Only one stretch of the records below should be repeated. It starts with the line containing "using ca integrable_on_cmult_right[OF" and goes on through the line containing "by (rule continuous_imp_measurable_on_sets_lebesgue[OF", exactly as written.

Segment Start: Exercise data

(* Let $K,G:[0,\infty)\to\mathbb{R}$ be continuous, let $f$ solve $f''+Kf=0$ with $f>0$ on $(0,\infty)$ and $\int_1^\infty f(t)^{-2}dt<\infty$, and let $m$ solve $m''+Gm=0$ with $m(0)=f(0)$, $m'(0)=f'(0)$. Suppose the support of $G-K$ is contained in a bounded interval $[a,b]\subset[1,\infty)$. If $\alpha(m)<1$, then $m(t)>0$ for all $t\in(0,\infty)$ and $$\int_1^\infty|f(t)^{-2}-m(t)^{-2}|\,dt\le\frac{(2+\alpha(m))\,\alpha(m)}{(1-\alpha(m))^2}\int_a^\infty f(t)^{-2}dt.$$
   Context: Notation: $\sigma(t):=m(t)/f(t)-1$ for $t>0$; $\alpha(m):=\sup_{t>0}|\sigma(t)|$. *)

theory Defs
  imports "HOL-Analysis.Analysis"
begin

definition sigma :: "(real \<Rightarrow> real) \<Rightarrow> (real \<Rightarrow> real) \<Rightarrow> real \<Rightarrow> real" where
  "sigma f m t = m t / f t - 1"

definition alpha :: "(real \<Rightarrow> real) \<Rightarrow> (real \<Rightarrow> real) \<Rightarrow> ereal" where
  "alpha f m = (SUP t\<in>{0<..}. ereal \<bar>sigma f m t\<bar>)"

end

theory Submission
  imports Defs
begin

text \<open>
  Since G = K on [0,a), the functions m and f solve the same linear
  second-order equation there with the same initial data, so m = f on [0,a) by an
  energy estimate (Gronwall in the form: (u^2 + v^2) e^(-Bt) is non-increasing).
  Hence 1/f^2 - 1/m^2 vanishes on [1,a).  The hypothesis alpha(m) < 1 makes alpha(m)
  a finite real A in [0,1) with |sigma| <= A, which gives m > 0.  Writing m = (1+s) f
  with |s| <= A, the identity 1/f^2 - 1/m^2 = s(2+s)/(1+s)^2 * 1/f^2 bounds the
  integrand by (2+A)A/(1-A)^2 * 1/f^2 on [a,oo).  Domination by an integrable function
  then yields integrability and the integral bound.
\<close>

text \<open>The cross term of the energy derivative is dominated by the energy itself.\<close>
lemma cross_term_le_energy:
  fixes x y c B :: real
  assumes "\<bar>c\<bar> \<le> B"
  shows "2 * x * y * c \<le> B * (x\<^sup>2 + y\<^sup>2)"
proof -
  have sq: "2 * \<bar>x\<bar> * \<bar>y\<bar> \<le> x\<^sup>2 + y\<^sup>2"
    using zero_le_power2[of "\<bar>x\<bar> - \<bar>y\<bar>"] by (simp add: power2_diff)
  have "2 * x * y * c \<le> (2 * \<bar>x\<bar> * \<bar>y\<bar>) * \<bar>c\<bar>"
    by (metis abs_ge_self abs_mult abs_numeral)
  also have "\<dots> \<le> (x\<^sup>2 + y\<^sup>2) * B"
    using sq assms by (intro mult_mono) auto
  finally show ?thesis by (simp add: mult.commute)
qed

text \<open>With |1 - q| <= B
  the weighted energy (u^2 + u'^2) e^(-Bt) is non-increasing and starts at 0.\<close>
lemma linear_ode_zero_initial_data:
  fixes u v q :: "real \<Rightarrow> real" and T :: real
  assumes T: "0 \<le> T"
    and cont_q: "continuous_on {0..T} q"
    and u_deriv: "\<And>t. t \<in> {0..T} \<Longrightarrow> (u has_real_derivative v t) (at t within {0..T})"
    and v_deriv: "\<And>t. t \<in> {0..T} \<Longrightarrow> (v has_real_derivative (- q t * u t)) (at t within {0..T})"
    and init: "u 0 = 0" "v 0 = 0"
  shows "u T = 0"
proof -
  have "bounded ((\<lambda>t. 1 - q t) ` {0..T})"
    by (intro compact_imp_bounded compact_continuous_image continuous_intros cont_q) auto
  then obtain B where "\<forall>t\<in>{0..T}. \<bar>1 - q t\<bar> \<le> B"
    unfolding bounded_iff by auto
  then have B: "\<And>t. t \<in> {0..T} \<Longrightarrow> \<bar>1 - q t\<bar> \<le> B" by blast
  define E where "E t = ((u t)\<^sup>2 + (v t)\<^sup>2) * exp (- B * t)" for t
  have E_deriv: "(E has_real_derivative
      ((2 * u t * v t * (1 - q t) - B * ((u t)\<^sup>2 + (v t)\<^sup>2)) * exp (- B * t)))
      (at t within {0..T})" if "t \<in> {0..T}" for t
    unfolding E_def
    by (rule derivative_eq_intros u_deriv[OF that] v_deriv[OF that] refl | simp)+
       (simp add: algebra_simps power2_eq_square)
  have "E T \<le> E 0"
  proof (rule DERIV_nonpos_imp_decreasing_open[OF T])
    fix t assume t: "0 < t" "t < T"
    have "at t within {0..T} = at t" using t by (intro at_within_interior) auto
    moreover have "2 * u t * v t * (1 - q t) - B * ((u t)\<^sup>2 + (v t)\<^sup>2) \<le> 0"
      using cross_term_le_energy[OF B] t by auto
    ultimately show "\<exists>y. (E has_real_derivative y) (at t) \<and> y \<le> 0"
      using E_deriv[of t] t by (intro exI conjI) (auto intro: mult_nonpos_nonneg)
  next
    show "continuous_on {0..T} E"
      using E_deriv DERIV_continuous continuous_on_eq_continuous_within by blast
  qed
  also have "E 0 = 0" using init by (simp add: E_def)
  finally have "(u T)\<^sup>2 + (v T)\<^sup>2 \<le> 0" by (simp add: E_def mult_le_0_iff)
  then have "(u T)\<^sup>2 = 0"
    using zero_le_power2[of "u T"] zero_le_power2[of "v T"] by linarith
  then show ?thesis by simp
qed

text \<open>Two solutions of f'' = -K f and m'' = -G m with equal initial data coincide on
  every interval [0,T] on which the coefficients G and K agree: their difference solves
  the linear equation with coefficient K and vanishing initial data.\<close>
lemma solutions_agree_while_coefficients_agree:
  fixes K G f f' m m' :: "real \<Rightarrow> real" and T :: real
  assumes contK: "continuous_on {0..} K"
    and f_deriv: "\<And>t. t \<ge> 0 \<Longrightarrow> (f has_real_derivative f' t) (at t within {0..})"
    and f'_deriv: "\<And>t. t \<ge> 0 \<Longrightarrow> (f' has_real_derivative (- K t * f t)) (at t within {0..})"
    and m_deriv: "\<And>t. t \<ge> 0 \<Longrightarrow> (m has_real_derivative m' t) (at t within {0..})"
    and m'_deriv: "\<And>t. t \<ge> 0 \<Longrightarrow> (m' has_real_derivative (- G t * m t)) (at t within {0..})"
    and init: "m 0 = f 0" "m' 0 = f' 0"
    and T: "0 \<le> T"
    and agree: "\<And>t. t \<in> {0..T} \<Longrightarrow> G t = K t"
  shows "m T = f T"
proof -
  define u where "u t = m t - f t" for t
  define v where "v t = m' t - f' t" for t
  have "u T = 0"
  proof (rule linear_ode_zero_initial_data[OF T])
    show "continuous_on {0..T} K" using contK by (rule continuous_on_subset) auto
  next
    fix t assume t: "t \<in> {0..T}"
    show "(u has_real_derivative v t) (at t within {0..T})"
      unfolding u_def v_def by (rule DERIV_subset[where s="{0..}"])
        (use t in \<open>auto intro!: derivative_eq_intros m_deriv f_deriv\<close>)
    show "(v has_real_derivative - K t * u t) (at t within {0..T})"
      unfolding u_def v_def by (rule DERIV_subset[where s="{0..}"])
        (use t agree[OF t] in \<open>auto intro!: derivative_eq_intros m'_deriv f'_deriv
          simp: algebra_simps\<close>)
  qed (use init in \<open>auto simp: u_def v_def\<close>)
  then show ?thesis by (simp add: u_def)
qed

lemma alpha_lt_one_real:
  assumes "alpha f m < 1"
  shows "0 \<le> real_of_ereal (alpha f m)" and "real_of_ereal (alpha f m) < 1"
    and "\<And>t. t > 0 \<Longrightarrow> \<bar>m t / f t - 1\<bar> \<le> real_of_ereal (alpha f m)"
proof -
  have sigma_le: "ereal \<bar>sigma f m t\<bar> \<le> alpha f m" if "t > 0" for t
    unfolding alpha_def using that by (intro SUP_upper) auto
  have "0 \<le> alpha f m" using order_trans[OF _ sigma_le[of 1]] by simp
  then have real: "alpha f m = ereal (real_of_ereal (alpha f m))"
    using assms by (cases "alpha f m") auto
  then show "0 \<le> real_of_ereal (alpha f m)" and "real_of_ereal (alpha f m) < 1"
    using \<open>0 \<le> alpha f m\<close> assms by (metis ereal_less_eq(3) zero_ereal_def,
        metis ereal_less(3) one_ereal_def)
  show "\<bar>m t / f t - 1\<bar> \<le> real_of_ereal (alpha f m)" if "t > 0" for t
    using sigma_le[OF that] real by (metis ereal_less_eq(3) sigma_def)
qed

text \<open>Pointwise comparison of inverse squares: if M = (1+s) F with |s| <= A < 1, then
  |1/F^2 - 1/M^2| <= (2+A)A/(1-A)^2 * 1/F^2, via 1/F^2 - 1/M^2 = s(2+s)/(1+s)^2 * 1/F^2.\<close>
lemma inverse_square_difference_bound:
  fixes F M A :: real
  assumes F: "F > 0" and s: "\<bar>M / F - 1\<bar> \<le> A" and A: "A < 1"
  shows "\<bar>1 / F\<^sup>2 - 1 / M\<^sup>2\<bar> \<le> (2 + A) * A / (1 - A)\<^sup>2 * (1 / F\<^sup>2)"
proof -
  define s where "s = M / F - 1"
  have M: "M = (1 + s) * F" using F by (simp add: s_def field_simps)
  have sA: "\<bar>s\<bar> \<le> A" and s1: "1 + s > 0" using s A by (auto simp: s_def)
  have "(1 + s)\<^sup>2 - 1 = s * (2 + s)" by (simp add: power2_eq_square algebra_simps)
  moreover have "1 / F\<^sup>2 - 1 / M\<^sup>2 = ((1 + s)\<^sup>2 - 1) / (1 + s)\<^sup>2 * (1 / F\<^sup>2)"
    using F s1 unfolding M power_mult_distrib by (simp add: field_simps)
  ultimately have "1 / F\<^sup>2 - 1 / M\<^sup>2 = s * (2 + s) / (1 + s)\<^sup>2 * (1 / F\<^sup>2)" by simp
  then have "\<bar>1 / F\<^sup>2 - 1 / M\<^sup>2\<bar> = \<bar>s\<bar> * \<bar>2 + s\<bar> / (1 + s)\<^sup>2 * (1 / F\<^sup>2)"
    by (simp add: abs_mult)
  also have "\<dots> \<le> A * (2 + A) / (1 - A)\<^sup>2 * (1 / F\<^sup>2)"
  proof (intro mult_right_mono frac_le mult_mono)
    show "(1 - A)\<^sup>2 \<le> (1 + s)\<^sup>2" using sA A by (intro power_mono) auto
  qed (use sA A in auto)
  finally show ?thesis by (simp add: mult.commute)
qed

lemma integral_le_tail_bound:
  fixes g w :: "real \<Rightarrow> real" and a c C :: real
  assumes ca: "c \<le> a" and C: "0 \<le> C"
    and cont_g: "continuous_on {c..} g"
    and w_int: "w integrable_on {c..}" and w_nonneg: "\<And>t. t \<ge> c \<Longrightarrow> 0 \<le> w t"
    and g_zero: "\<And>t. c \<le> t \<Longrightarrow> t < a \<Longrightarrow> g t = 0"
    and g_bound: "\<And>t. a \<le> t \<Longrightarrow> \<bar>g t\<bar> \<le> C * w t"
  shows "g integrable_on {c..}" and "integral {c..} g \<le> C * integral {a..} w"
proof -
  have "w absolutely_integrable_on {c..}"
    using w_int w_nonneg by (intro nonnegative_absolutely_integrable) auto
  then have "w absolutely_integrable_on {a..}"
    using set_integrable_subset[of _ "{c..}" w "{a..}"] ca by auto
  then have w_int_a: "w integrable_on {a..}"
    using set_lebesgue_integral_eq_integral(1) by blast
  define h where "h t = (if t \<in> {a..} then C * w t else 0)" for t
  have h_int: "h integrable_on {c..}" and h_integral: "integral {c..} h = C * integral {a..} w"
    unfolding h_def integrable_restrict_Int integral_restrict_Int
    using ca integrable_on_cmult_right[OF w_int_a, of C] by (simp_all add: Int_absorb2 mult.commute)
  have g_le_h: "\<bar>g t\<bar> \<le> h t" if "t \<in> {c..}" for t
    using that g_zero[of t] g_bound[of t] by (auto simp: h_def)
  have "g \<in> borel_measurable (lebesgue_on {c..})"
    by (rule continuous_imp_measurable_on_sets_lebesgue[OF cont_g]) auto
  then show g_int: "g integrable_on {c..}"
    using h_int g_le_h by (rule measurable_bounded_by_integrable_imp_integrable_real) auto
  have "integral {c..} g \<le> integral {c..} h"
    using g_int h_int g_le_h by (intro integral_le) (auto intro: order_trans[OF abs_ge_self])
  then show "integral {c..} g \<le> C * integral {a..} w" by (simp add: h_integral)
qed

theorem lemma2p5:
  fixes K G f f' m m' :: "real \<Rightarrow> real" and a b :: real
  assumes contK: "continuous_on {0..} K"
    and contG: "continuous_on {0..} G"
    and f_deriv: "\<And>t. t \<ge> 0 \<Longrightarrow> (f has_real_derivative f' t) (at t within {0..})"
    and f'_deriv: "\<And>t. t \<ge> 0 \<Longrightarrow> (f' has_real_derivative (- K t * f t)) (at t within {0..})"
    and f_pos: "\<And>t. t > 0 \<Longrightarrow> f t > 0"
    and f_int: "(\<lambda>t. 1 / (f t)\<^sup>2) integrable_on {1..}"
    and m_deriv: "\<And>t. t \<ge> 0 \<Longrightarrow> (m has_real_derivative m' t) (at t within {0..})"
    and m'_deriv: "\<And>t. t \<ge> 0 \<Longrightarrow> (m' has_real_derivative (- G t * m t)) (at t within {0..})"
    and init0: "m 0 = f 0"
    and init1: "m' 0 = f' 0"
    and ab: "1 \<le> a" "a \<le> b"
    and supp: "\<And>t. t \<ge> 0 \<Longrightarrow> t \<notin> {a..b} \<Longrightarrow> G t = K t"
    and alpha_lt: "alpha f m < 1"
  shows "(\<forall>t>0. m t > 0)
    \<and> (\<lambda>t. \<bar>1 / (f t)\<^sup>2 - 1 / (m t)\<^sup>2\<bar>) integrable_on {1..}
    \<and> integral {1..} (\<lambda>t. \<bar>1 / (f t)\<^sup>2 - 1 / (m t)\<^sup>2\<bar>)
        \<le> (2 + real_of_ereal (alpha f m)) * real_of_ereal (alpha f m)
             / (1 - real_of_ereal (alpha f m))\<^sup>2
           * integral {a..} (\<lambda>t. 1 / (f t)\<^sup>2)"
proof -
  define A where "A = real_of_ereal (alpha f m)"
  note alpha = alpha_lt_one_real[OF alpha_lt, folded A_def]
  have m_pos: "m t > 0" if "t > 0" for t
  proof -
    have "m t / f t > 0" using alpha(2) alpha(3)[OF that] by linarith
    then show ?thesis using f_pos[OF that] by (simp add: zero_less_divide_iff)
  qed
  have m_eq_f: "m t = f t" if "0 \<le> t" "t < a" for t
    using solutions_agree_while_coefficients_agree[OF contK f_deriv f'_deriv m_deriv m'_deriv
        init0 init1 that(1)] supp that by auto
  have "continuous_on {0..} f" "continuous_on {0..} m"
    unfolding continuous_on_eq_continuous_within using f_deriv m_deriv DERIV_continuous by blast+
  then have "continuous_on {1..} f" "continuous_on {1..} m"
    by (auto elim!: continuous_on_subset)
  moreover have "(f t)\<^sup>2 \<noteq> 0 \<and> (m t)\<^sup>2 \<noteq> 0" if "t \<in> {1..}" for t
    using that f_pos[of t] m_pos[of t] by simp
  ultimately have integrand_cont: "continuous_on {1..} (\<lambda>t. \<bar>1 / (f t)\<^sup>2 - 1 / (m t)\<^sup>2\<bar>)"
    by (intro continuous_intros) auto
  have integrand_bound: "\<bar>\<bar>1 / (f t)\<^sup>2 - 1 / (m t)\<^sup>2\<bar>\<bar> \<le> (2 + A) * A / (1 - A)\<^sup>2 * (1 / (f t)\<^sup>2)"
    if "a \<le> t" for t
  proof -
    have t: "t > 0" using that ab by linarith
    show ?thesis using inverse_square_difference_bound[OF f_pos[OF t] alpha(3)[OF t] alpha(2)] by simp
  qed
  have "0 \<le> (2 + A) * A / (1 - A)\<^sup>2" using alpha(1,2) by simp
  from integral_le_tail_bound[OF ab(1) this integrand_cont f_int _ _ integrand_bound]
  show ?thesis using m_pos m_eq_f by (auto simp: A_def)
qed

end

Segment End: Exercise data

**Exercise answer:**
    using ca integrable_on_cmult_right[OF w_int_a, of C] by (simp_all add: Int_absorb2 mult.commute)
  have g_le_h: "\<bar>g t\<bar> \<le> h t" if "t \<in> {c..}" for t
    using that g_zero[of t] g_bound[of t] by (auto simp: h_def)
  have "g \<in> borel_measurable (lebesgue_on {c..})"
    by (rule continuous_imp_measurable_on_sets_lebesgue[OF cont_g]) auto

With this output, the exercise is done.